Namun, Ibnu mengakui bahwa implementasi regulasi tersebut tidaklah sederhana. Menurutnya, keberhasilan pelaksanaan hukum sangat bergantung pada peran aktif seluruh elemen masyarakat. “Stakeholders seperti tenaga pendidik, orang tua, dinas terkait, bahkan Kementerian Sosial harus saling berkolaborasi. Tidak bisa hanya dibebankan pada sekolah,” jelasnya.

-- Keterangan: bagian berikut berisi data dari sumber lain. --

lemma odd_reps_mult_prime_eq_empty:
  assumes "prime p" "p mod 4 = 3" "\<not> p dvd M"
  shows "odd_reps (p * M) = {}"
proof (intro equals0I)
  fix w assume "w \<in> odd_reps (p * M)"
  then obtain X Y where XY: "X * X + 4 * (Y * Y) = p * M"
    by (auto simp: odd_reps_def)
  then have "p dvd X" "p dvd Y"
    using prime_3_mod_4_dvd_odd_reps[OF assms(1,2), of X Y] by simp_all
  then obtain x y where "X = p * x" "Y = p * y"
    by (auto elim!: dvdE)
  with XY have "p * (p * (x * x + 4 * (y * y))) = p * M"
    by (simp add: algebra_simps)
  then have "M = p * (x * x + 4 * (y * y))"
    using prime_gt_0_nat[OF assms(1)] by simp
  with assms(3) show False
    by simp
qed

lemma psi_mult_psi4_nth_eq_card_odd_reps: "(psi * psi4) $ m = int (card (odd_reps (8 * m + 5)))"
  by (simp add: psi_mult_psi4_nth card_odd_reps_eq_card_tri_reps)

lemma b_ell_16_mod_2: "int (b_ell 16 n) mod 2 = (psi * psi4) $ n mod 2"
  using b_ell_16_eq_psi_psi4_nth[of n] by (simp only: of_nat_eq_of_int_bit_iff)

lemma odd_power_mod_8: "odd (p :: nat) \<Longrightarrow> p ^ (2 * a) mod 8 = 1"
proof -
  assume "odd p"
  then have "p ^ 2 mod 8 = 1"
    using odd_square_eq_tri[of p] by (simp add: power2_eq_square)
  have "p ^ (2 * a) mod 8 = (p ^ 2 mod 8) ^ a mod 8"
    by (simp add: power_mult power_mod)
  with \<open>p ^ 2 mod 8 = 1\<close> show ?thesis
    by simp
qed

lemma eight_times_add_div_8: "c mod 8 = 5 \<Longrightarrow> 8 * (a + (c - 5) div 8) + 5 = 8 * a + (c :: nat)"
proof -
  assume "c mod 8 = 5"
  then have "c = 8 * (c div 8) + 5"
    using div_mult_mod_eq[of c 8] by simp
  then obtain q where "c = 8 * q + 5"
    by blast
  then show ?thesis
    by simp
qed

lemma eight_times_index_plus_5:
  fixes p :: nat
  assumes "odd p"
  shows "8 * (p ^ (2 * a) * n + (5 * p ^ (2 * a) - 5) div 8) + 5 = p ^ (2 * a) * (8 * n + 5)"
proof -
  have "5 * p ^ (2 * a) mod 8 = 5 * (p ^ (2 * a) mod 8) mod 8"
    by (rule mod_mult_right_eq[symmetric])
  then have mod_8: "5 * p ^ (2 * a) mod 8 = 5"
    using odd_power_mod_8[OF assms, of a] by simp
  show ?thesis
    unfolding eight_times_add_div_8[OF mod_8] by (simp add: algebra_simps)
qed

lemma eight_times_shifted_index_plus_5:
  fixes p :: nat
  assumes "odd p"
  shows "8 * (p ^ (2 * a + 2) * n + ((8 * i + 5 * p) * p ^ (2 * a + 1) - 5) div 8) + 5
    = p ^ (2 * a) * (p * (p * (8 * n + 5) + 8 * i))"
proof -
  have "(8 * i + 5 * p) * p ^ (2 * a + 1) = 8 * (i * p ^ (2 * a + 1)) + 5 * p ^ (2 * (a + 1))"
    by (simp add: algebra_simps)
  also have "\<dots> mod 8 = 5 * (p ^ (2 * (a + 1)) mod 8) mod 8"
    by (simp add: mod_mult_right_eq)
  finally have mod_8: "(8 * i + 5 * p) * p ^ (2 * a + 1) mod 8 = 5"
    using odd_power_mod_8[OF assms, of "a + 1"] by simp
  show ?thesis
    unfolding eight_times_add_div_8[OF mod_8] by (simp add: algebra_simps)
qed

lemma prime_not_dvd_mult_add_8:
  fixes p i a :: nat
  assumes "prime p" "odd p" "0 < i" "i < p"
  shows "\<not> p dvd p * a + 8 * i"
proof
  assume "p dvd p * a + 8 * i"
  then have "p dvd 8 * i"
    by (simp add: dvd_add_right_iff)
  moreover have "\<not> p dvd i"
    using assms(3,4) by (auto dest: dvd_imp_le)
  moreover have "\<not> p dvd 8"
  proof
    assume "p dvd 8"
    then have "p dvd 2"
      using assms(1) prime_dvd_power[of p 2 3] by simp
    then have "p = 2"
      using prime_ge_2_nat[OF assms(1)] by (auto dest: dvd_imp_le)
    with assms(2) show False
      by simp
  qed
  ultimately show False
    using prime_dvd_mult_nat[OF assms(1)] by blast
qed
lemma Kset_iff_bounded:
  "x \<in> Kset A R \<nu> \<longleftrightarrow>
     (\<exists>C. \<forall>\<alpha> x\<^sub>\<alpha>. 0 < \<alpha> \<longrightarrow> x\<^sub>\<alpha> \<in> Ralpha A R \<alpha> (A x) \<longrightarrow> \<alpha> powr - \<nu> * norm (A x - A x\<^sub>\<alpha>) \<le> C)"
proof
  assume "x \<in> Kset A R \<nu>"
  then have finite: "rho A R \<nu> x < top" by (simp add: Kset_def)
  show "\<exists>C. \<forall>\<alpha> x\<^sub>\<alpha>. 0 < \<alpha> \<longrightarrow> x\<^sub>\<alpha> \<in> Ralpha A R \<alpha> (A x) \<longrightarrow> \<alpha> powr - \<nu> * norm (A x - A x\<^sub>\<alpha>) \<le> C"
  proof (intro exI allI impI)
    fix \<alpha> x\<^sub>\<alpha> assume "0 < \<alpha>" "x\<^sub>\<alpha> \<in> Ralpha A R \<alpha> (A x)"
    then have "ennreal (\<alpha> powr - \<nu> * norm (A x - A x\<^sub>\<alpha>)) \<le> rho A R \<nu> x"
      unfolding rho_def by (intro Sup_upper) blast
    from enn2real_mono[OF this finite]
    show "\<alpha> powr - \<nu> * norm (A x - A x\<^sub>\<alpha>) \<le> enn2real (rho A R \<nu> x)" by simp
  qed
next
  assume "\<exists>C. \<forall>\<alpha> x\<^sub>\<alpha>. 0 < \<alpha> \<longrightarrow> x\<^sub>\<alpha> \<in> Ralpha A R \<alpha> (A x) \<longrightarrow> \<alpha> powr - \<nu> * norm (A x - A x\<^sub>\<alpha>) \<le> C"
  then obtain C where "\<forall>\<alpha> x\<^sub>\<alpha>. 0 < \<alpha> \<longrightarrow> x\<^sub>\<alpha> \<in> Ralpha A R \<alpha> (A x) \<longrightarrow> \<alpha> powr - \<nu> * norm (A x - A x\<^sub>\<alpha>) \<le> C"
    by blast
  then have "rho A R \<nu> x \<le> ennreal C"
    unfolding rho_def by (intro Sup_least) (auto intro: ennreal_leI)
  then show "x \<in> Kset A R \<nu>"
    unfolding Kset_def by (simp add: le_less_trans top.not_eq_extremum)
qed

lemma R_le_Tik:
  assumes "0 \<le> \<alpha>"
  shows "R x \<le> Tik A R \<alpha> x g"
  using assms by (cases "R x") (simp_all add: Tik_def)

lemma A_add_kerA:
  assumes "linear A" and "k \<in> kerA A"
  shows "A (x + k) = A x"
  using assms by (simp add: kerA_def linear_add)

locale tikhonov =
  fixes tau :: "'a::banach topology" and R :: "'a \<Rightarrow> ereal"
    and A :: "'a \<Rightarrow> 'b::{real_inner, complete_space}"
  assumes tau_lch: "locally_convex_Hausdorff tau"
    and R_proper_convex: "proper_convex R"
    and R_sublevel_compact: "\<And>c::real. compactin tau {x. R x \<le> ereal c}"
    and A_linear: "linear A"
    and A_continuous: "continuous_map tau weak_topology A"
begin
(* Let $(F,G)$ be an $(N,n)$ dual pair for $\mathcal H$. Then: (i) if $(F,G)\in\mathcal F^{(1)}$ then $(F,G)\in\mathcal R^{(1)}$; (ii) $(F,G)\in\mathcal F^{(1)}$ if and only if $(F,G)\in\mathcal N^{(1)}$; (iii) if $(F,G)\in\mathcal N^{(1)}$ then $(F,G)\in\mathcal R^{(1)}$.
   Context: $\mathcal H$ is a complex Hilbert space of finite dimension $n$, inner product linear in the first argument, $N\ge n$. A finite sequence $F=\{f_i\}_{i=1}^N$ is a frame if there are $0<A\le B$ with $A\|f\|^2\le\sum_i|\langle f,f_i\rangle|^2\le B\|f\|^2$ for all $f$. $G=\{g_i\}_{i=1}^N$ is a dual of $F$ if $f=\sum_i\langle f,g_i\rangle f_i$ for all $f$; $(F,G)$ is then an $(N,n)$ dual pair. $E_{\Lambda,F,G}f=\sum_{i\in\Lambda}\langle f,f_i\rangle g_i$. For a measure $\mathcal M$ on operators, let $\mathcal M^{(1)}_{F,G}=\max_{1\le i\le N}\mathcal M(E_{\{i\},F,G})$ and call $(F,G)$ optimal for $\mathcal M$ if $\mathcal M^{(1)}_{F,G}$ equals the infimum of $\mathcal M^{(1)}_{F',G'}$ over all $(N,n)$ dual pairs $(F',G')$ for $\mathcal H$. $\mathcal F^{(1)}$, $\mathcal R^{(1)}$, $\mathcal N^{(1)}$ denote the sets of optimal pairs for, respectively, the Frobenius norm $\|T\|_{\mathcal F}=\sqrt{\operatorname{tr}(T^*T)}$, the spectral radius $\rho(T)$, and the numerical radius $\omega(T)=\sup\{|\langle Tf,f\rangle|:\|f\|=1\}$. *)

theory Defs
  imports "HOL-Analysis.Analysis"
begin

text \<open>The n-dimensional complex Hilbert space is modelled as complex^'n
  (dimension n = CARD('n)), with the standard inner product, linear in the
  first argument. Operators are n x n complex matrices acting on columns.\<close>

definition cinner :: "complex^'n \<Rightarrow> complex^'n \<Rightarrow> complex" where
  "cinner x y = (\<Sum>j\<in>UNIV. x $ j * cnj (y $ j))"

definition hnorm :: "complex^'n \<Rightarrow> real" where
  "hnorm x = sqrt (Re (cinner x x))"

definition is_frame :: "('m::finite \<Rightarrow> complex^'n) \<Rightarrow> bool" where
  "is_frame F \<longleftrightarrow> (\<exists>A B. 0 < A \<and> A \<le> B \<and>
     (\<forall>f. A * (hnorm f)^2 \<le> (\<Sum>i\<in>UNIV. (cmod (cinner f (F i)))^2)
        \<and> (\<Sum>i\<in>UNIV. (cmod (cinner f (F i)))^2) \<le> B * (hnorm f)^2))"

definition is_dual :: "('m::finite \<Rightarrow> complex^'n) \<Rightarrow> ('m \<Rightarrow> complex^'n) \<Rightarrow> bool" where
  "is_dual F G \<longleftrightarrow> (\<forall>f. f = (\<Sum>i\<in>UNIV. cinner f (G i) *s F i))"

definition dual_pair :: "('m::finite \<Rightarrow> complex^'n) \<Rightarrow> ('m \<Rightarrow> complex^'n) \<Rightarrow> bool" where
  "dual_pair F G \<longleftrightarrow> is_frame F \<and> is_dual F G"

definition E_op :: "'m set \<Rightarrow> ('m \<Rightarrow> complex^'n) \<Rightarrow> ('m \<Rightarrow> complex^'n) \<Rightarrow> complex^'n \<Rightarrow> complex^'n" where
  "E_op L F G f = (\<Sum>i\<in>L. cinner f (F i) *s G i)"

definition E_mat :: "'m set \<Rightarrow> ('m \<Rightarrow> complex^'n) \<Rightarrow> ('m \<Rightarrow> complex^'n) \<Rightarrow> complex^'n^'n" where
  "E_mat L F G = (\<chi> j k. E_op L F G (axis k 1) $ j)"

definition cadj :: "complex^'n^'n \<Rightarrow> complex^'n^'n" where
  "cadj T = (\<chi> i j. cnj (T $ j $ i))"

definition ctrace :: "complex^'n^'n \<Rightarrow> complex" where
  "ctrace T = (\<Sum>i\<in>UNIV. T $ i $ i)"

definition frob_norm :: "complex^'n^'n \<Rightarrow> real" where
  "frob_norm T = sqrt (Re (ctrace (cadj T ** T)))"

definition cspectrum :: "complex^'n^'n \<Rightarrow> complex set" where
  "cspectrum T = {c. \<exists>v. v \<noteq> 0 \<and> T *v v = c *s v}"

definition spec_radius :: "complex^'n^'n \<Rightarrow> real" where
  "spec_radius T = Sup (cmod ` cspectrum T)"

definition num_radius :: "complex^'n^'n \<Rightarrow> real" where
  "num_radius T = Sup {cmod (cinner (T *v f) f) | f. hnorm f = 1}"

definition M1 :: "(complex^'n^'n \<Rightarrow> real) \<Rightarrow> ('m::finite \<Rightarrow> complex^'n) \<Rightarrow> ('m \<Rightarrow> complex^'n) \<Rightarrow> real" where
  "M1 M F G = Max ((\<lambda>i. M (E_mat {i} F G)) ` UNIV)"

definition optimal :: "(complex^'n^'n \<Rightarrow> real) \<Rightarrow> ('m::finite \<Rightarrow> complex^'n) \<Rightarrow> ('m \<Rightarrow> complex^'n) \<Rightarrow> bool" where
  "optimal M F G \<longleftrightarrow> dual_pair F G \<and>
     M1 M F G = Inf {M1 M F' G' | (F' :: 'm \<Rightarrow> complex^'n) G'. dual_pair F' G'}"

end

theory Submission
  imports Defs
begin

text \<open>E_{i} is the rank-one operator x \<mapsto> \<langle>x,f_i\<rangle> g_i. Its spectral radius is
  |\<langle>g_i,f_i\<rangle>|, its Frobenius norm is \<parallel>g_i\<parallel>\<parallel>f_i\<parallel>, and its numerical radius lies between
  the two (and is at least their mean when \<langle>g_i,f_i\<rangle> > 0). Since
  \<Sum>_i \<langle>g_i,f_i\<rangle> = tr I = n, each of the three maxima over i is at least n/N, and an
  equal-norm Parseval frame attains n/N for all three; so optimality for each measure means
  that its maximum equals n/N. Frobenius optimality then bounds the two smaller measures by
  n/N. Numerical-radius optimality gives |\<langle>g_i,f_i\<rangle>| \<le> n/N for all i with sum n, hence
  \<langle>g_i,f_i\<rangle> = n/N, and the mean bound yields \<parallel>g_i\<parallel>\<parallel>f_i\<parallel> \<le> n/N.\<close>

lemma cinner_add_left: "cinner (x + y) z = cinner x z + cinner y z"
  by (simp add: cinner_def distrib_right sum.distrib)

lemma cinner_add_right: "cinner z (x + y) = cinner z x + cinner z y"
  by (simp add: cinner_def distrib_left sum.distrib)

lemma cinner_scale_left: "cinner (c *s x) y = c * cinner x y"
  by (simp add: cinner_def sum_distrib_left mult.assoc)

lemma cinner_scale_right: "cinner x (c *s y) = cnj c * cinner x y"
  by (simp add: cinner_def sum_distrib_left algebra_simps)

lemma cinner_commute: "cinner y x = cnj (cinner x y)"
  by (simp add: cinner_def mult.commute)

lemma cinner_zero_left [simp]: "cinner 0 x = 0"
  by (simp add: cinner_def)

lemma cinner_zero_right [simp]: "cinner x 0 = 0"
  by (simp add: cinner_def)

lemma cinner_axis_left: "cinner (axis k 1) f = cnj (f $ k)"
proof -
  have "cinner (axis k 1) f = (\<Sum>j\<in>UNIV. if j = k then cnj (f $ k) else 0)"
    unfolding cinner_def axis_def by (intro sum.cong) auto
  thus ?thesis by simp
qed

lemma cinner_self_eq_sum: "cinner x x = of_real (\<Sum>j\<in>UNIV. (cmod (x $ j))^2)"
  by (simp add: cinner_def complex_norm_square[symmetric])

text \<open>The modulus vector of x has Euclidean norm hnorm x; this transfers Cauchy--Schwarz
  and definiteness from real^'n.\<close>
lemma hnorm_eq_norm_modulus: "hnorm x = norm (\<chi> j. cmod (x $ j))"
  by (simp add: hnorm_def cinner_self_eq_sum norm_vec_def L2_set_def)

lemma cinner_self_eq_hnorm_sq: "cinner x x = of_real ((hnorm x)^2)"
  by (simp add: hnorm_def cinner_self_eq_sum sum_nonneg)

lemma cmod_cinner_self: "cmod (cinner x x) = (hnorm x)^2"
  by (simp only: cinner_self_eq_hnorm_sq norm_of_real) simp

lemma hnorm_nonneg: "0 \<le> hnorm x"
  by (simp add: hnorm_eq_norm_modulus)

lemma hnorm_eq_0_iff: "hnorm x = 0 \<longleftrightarrow> x = 0"
  by (simp add: hnorm_eq_norm_modulus vec_eq_iff)

lemma hnorm_pos_iff: "0 < hnorm x \<longleftrightarrow> x \<noteq> 0"
  using hnorm_nonneg[of x] hnorm_eq_0_iff[of x] by linarith

lemma hnorm_axis: "hnorm (axis k (1::complex)) = 1"
  by (simp add: hnorm_def cinner_axis_left)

Salah satu kendala terbesar, lanjut Ibnu, adalah kebingungan korban dan saksi dalam melaporkan kasus kekerasan. Rasa takut terhadap dampak setelah melapor sering kali membuat kasus tidak terungkap. Oleh karena itu, pembentukan Satuan Tugas Pencegahan dan Penanganan Kekerasan (TPPK) pada satuan pendidikan menjadi langkah strategis yang sangat penting.
“Tim ini tidak hanya memberikan edukasi tentang sanksi hukum bagi pelaku kekerasan, tetapi juga menyediakan mekanisme pelaporan yang jelas dan mudah diakses. Satuan pendidikan wajib memiliki Standar Operasional Prosedur (SOP) penanganan kekerasan agar anak-anak merasa aman dan berani untuk melapor,” tambah Ibnu.
Ia juga menekankan pentingnya deteksi dini terhadap potensi kekerasan. Guru, konselor BK, dan pengawas sekolah harus dibekali kemampuan untuk mengenali tanda-tanda kekerasan atau perundungan sejak awal. Pendekatan psikologis dan sosiologis perlu dikedepankan sebelum membawa kasus ke ranah hukum.
Terakhir, Ibnu menyampaikan pesan penting bagi anak-anak agar tidak takut melapor. “Anak-anak harus diberikan rasa aman. Identitas mereka harus dilindungi, dan mereka harus yakin bahwa melapor bukanlah bentuk pengkhianatan, melainkan cara untuk menyelamatkan diri.”
Dengan kolaborasi nyata antara pemerintah, sekolah, orang tua, dan masyarakat, diharapkan kekerasan terhadap anak dapat dicegah sejak dini dan ditangani dengan lebih efektif. Sudah saatnya kita bersama-sama menciptakan lingkungan yang aman, mendukung, dan ramah anak, karena perlindungan anak adalah tanggung jawab bersama.